Prompt:
Provide the data again in its entirety, exactly as given.

****************

(* For every integer $n\ge 2$ there exist a finite alphabet $\Sigma_n$ and an $n$-state 1gQFA $Q_n$ over $\Sigma_n$ such that, taking strict cutpoint $1/2$, every one-way PFA $P$ over $\Sigma_n$ for which there is a strict cutpoint $\mu\in[0,1)$ with $L(P,\mu)=L(Q_n,1/2)$ has at least $n^2-1$ states.
   Context: Let $\Sigma$ be a finite alphabet and $\Sigma^\ast$ the set of finite words over it. Probabilistic computations are written with row vectors; stochastic matrices act on the right. A one-way PFA (probabilistic finite automaton, end-marker model) over $\Sigma$ is a tuple $P=(S,\Sigma,\pi,\{P_\sigma\}_{\sigma\in\Sigma},P_{\#},F)$, where $S$ is a finite state set (its number of states is $|S|$), $\pi$ is an initial probability distribution (row vector) on $S$, each $P_\sigma$ and $P_\#$ are row-stochastic $|S|\times|S|$ matrices, and $F\subseteq S$. For $w=\sigma_1\cdots\sigma_m$, $f_P(w)=\pi P_{\sigma_1}\cdots P_{\sigma_m}P_\#\mathbf 1_F$, where $\mathbf 1_F$ is the indicator column vector of $F$. For $\mu\in[0,1)$, $L(P,\mu)=\{w\in\Sigma^\ast: f_P(w)>\mu\}$. An $n$-state 1gQFA (measure-once one-way general quantum finite automaton) over $\Sigma$ is a tuple $Q=(\mathcal H,\Sigma,\rho_0,\{\mathcal E_\sigma\}_{\sigma\in\Sigma},P_{\mathrm{acc}})$ where $\mathcal H\cong\mathbb C^n$, $\rho_0$ is a density operator on $\mathcal H$, each $\mathcal E_\sigma$ is a completely positive trace-preserving map on the operators on $\mathcal H$, and $P_{\mathrm{acc}}$ is an orthogonal projector on $\mathcal H$. For $w=\sigma_1\cdots\sigma_m$, $\rho_w=\mathcal E_{\sigma_m}\circ\cdots\circ\mathcal E_{\sigma_1}(\rho_0)$ and $f_Q(w)=\operatorname{Tr}(P_{\mathrm{acc}}\rho_w)$. For $\lambda\in[0,1)$, $L(Q,\lambda)=\{w\in\Sigma^\ast: f_Q(w)>\lambda\}$. *)

theory Defs
  imports Complex_Main "Jordan_Normal_Form.Matrix"
begin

****************

Solution for this task:
(* For every integer $n\ge 2$ there exist a finite alphabet $\Sigma_n$ and an $n$-state 1gQFA $Q_n$ over $\Sigma_n$ such that, taking strict cutpoint $1/2$, every one-way PFA $P$ over $\Sigma_n$ for which there is a strict cutpoint $\mu\in[0,1)$ with $L(P,\mu)=L(Q_n,1/2)$ has at least $n^2-1$ states.
   Context: Let $\Sigma$ be a finite alphabet and $\Sigma^\ast$ the set of finite words over it. Probabilistic computations are written with row vectors; stochastic matrices act on the right. A one-way PFA (probabilistic finite automaton, end-marker model) over $\Sigma$ is a tuple $P=(S,\Sigma,\pi,\{P_\sigma\}_{\sigma\in\Sigma},P_{\#},F)$, where $S$ is a finite state set (its number of states is $|S|$), $\pi$ is an initial probability distribution (row vector) on $S$, each $P_\sigma$ and $P_\#$ are row-stochastic $|S|\times|S|$ matrices, and $F\subseteq S$. For $w=\sigma_1\cdots\sigma_m$, $f_P(w)=\pi P_{\sigma_1}\cdots P_{\sigma_m}P_\#\mathbf 1_F$, where $\mathbf 1_F$ is the indicator column vector of $F$. For $\mu\in[0,1)$, $L(P,\mu)=\{w\in\Sigma^\ast: f_P(w)>\mu\}$. An $n$-state 1gQFA (measure-once one-way general quantum finite automaton) over $\Sigma$ is a tuple $Q=(\mathcal H,\Sigma,\rho_0,\{\mathcal E_\sigma\}_{\sigma\in\Sigma},P_{\mathrm{acc}})$ where $\mathcal H\cong\mathbb C^n$, $\rho_0$ is a density operator on $\mathcal H$, each $\mathcal E_\sigma$ is a completely positive trace-preserving map on the operators on $\mathcal H$, and $P_{\mathrm{acc}}$ is an orthogonal projector on $\mathcal H$. For $w=\sigma_1\cdots\sigma_m$, $\rho_w=\mathcal E_{\sigma_m}\circ\cdots\circ\mathcal E_{\sigma_1}(\rho_0)$ and $f_Q(w)=\operatorname{Tr}(P_{\mathrm{acc}}\rho_w)$. For $\lambda\in[0,1)$, $L(Q,\lambda)=\{w\in\Sigma^\ast: f_Q(w)>\lambda\}$. *)

theory Defs
  imports Complex_Main "Jordan_Normal_Form.Matrix"
begin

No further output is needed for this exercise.